Lego and Logo: the Simple Joys of Childhood, Revisited

You’ve read all the front-page headlines so you know by now that it’s the 50th anniversary of Lego (give or take a few days). Oh man, hurray! Over at Boing Boing Gadgets, Joel has a list of the 9 lego sets he lusted over most. I remember pining over 7 to 9 too, but I totally had numbers 1 and 2! For a while my folks had a Christmas tradition of tagging the biggest gift as being “from Santa” and parking it in plain sight in front of the tree. I remember coming down to find the #375 castle awaiting me. I also remember my parents reflecting on being up all christmas-eve-night putting the 779 pieces together. I don’t think either they or I really took the santa concept very seriously.
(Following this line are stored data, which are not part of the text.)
lemma private_neighbour_of_path_end:
  assumes not_nested: "\<not> (\<exists>v\<in>V. \<exists>w\<in>V. closed_nbhd V E v \<subset> closed_nbhd V E w)"
    and path: "induced_path V E xs" and "3 \<le> length xs"
  shows "\<exists>q. E (last xs) q \<and> \<not> E (last (butlast xs)) q \<and> q \<notin> set xs"
proof -
  obtain u u' t zs where rev_xs: "rev xs = u # u' # t # zs"
    using \<open>3 \<le> length xs\<close> by (metis Suc_le_length_iff numeral_3_eq_3 length_rev)
  then have last: "last xs = u" "last (butlast xs) = u'"
    by (auto simp: butlast_append)
  have rev_path: "induced_path V E (rev xs)"
    using path induced_path_rev by blast
  then have "E u u'" "E u' t" "\<not> E u t" "t \<noteq> u" "u \<in> V" "u' \<in> V"
    unfolding rev_xs induced_path_def by (force simp: adj_sym[of u'])+
  then have "t \<in> closed_nbhd V E u' - closed_nbhd V E u" "u \<in> closed_nbhd V E u'"
    using adj_in_V unfolding closed_nbhd_def by (auto simp: adj_sym[of u])
  then obtain q where q: "q \<in> closed_nbhd V E u - closed_nbhd V E u'"
    using not_nested \<open>u \<in> V\<close> \<open>u' \<in> V\<close> by blast
  then have "E u q" "\<not> E u' q" "q \<noteq> u'"
    using \<open>u \<in> closed_nbhd V E u'\<close> unfolding closed_nbhd_def by auto
  moreover have "q \<notin> set xs"
  proof
    assume "q \<in> set xs"
    then obtain k where k: "k < length (rev xs)" "q = rev xs ! k"
      by (metis in_set_conv_nth set_rev)
    have "0 < length (rev xs)"
      using rev_xs by simp
    then have "\<forall>j<length (rev xs). E (rev xs ! 0) (rev xs ! j) \<longleftrightarrow> 0 = Suc j \<or> j = Suc 0"
      using rev_path unfolding induced_path_def by blast
    then have "k = 1"
      using k \<open>E u q\<close> rev_xs by simp
    then show False
      using k \<open>q \<noteq> u'\<close> rev_xs by simp
  qed
  ultimately show ?thesis
    using last by blast
qed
I’m also pretty stoked that this year (give or take a year) is the 40th anniversary of Logo. Logo is a programming language–in fact a legitmate derivative of Lisp, the most revered of computer languages–but they didn’t tell us elementary school students that when we used it. They cleverly told us it was an art tool. I used it extensively for my art-ucation on our family’s Franklin Ace 1000, the Icons at school, and one heady summer when my dad brought an Icon back from his shcool and let me keep it in my bedroom. A computer in my bedroom! It sat next to my lego bins. I don’t use lego very much in my daily life, but I’m still using a version of logo for my graduate research today. I like that.

This video from the Logothings website is great:

Hey look, them kids are hacking in lisp!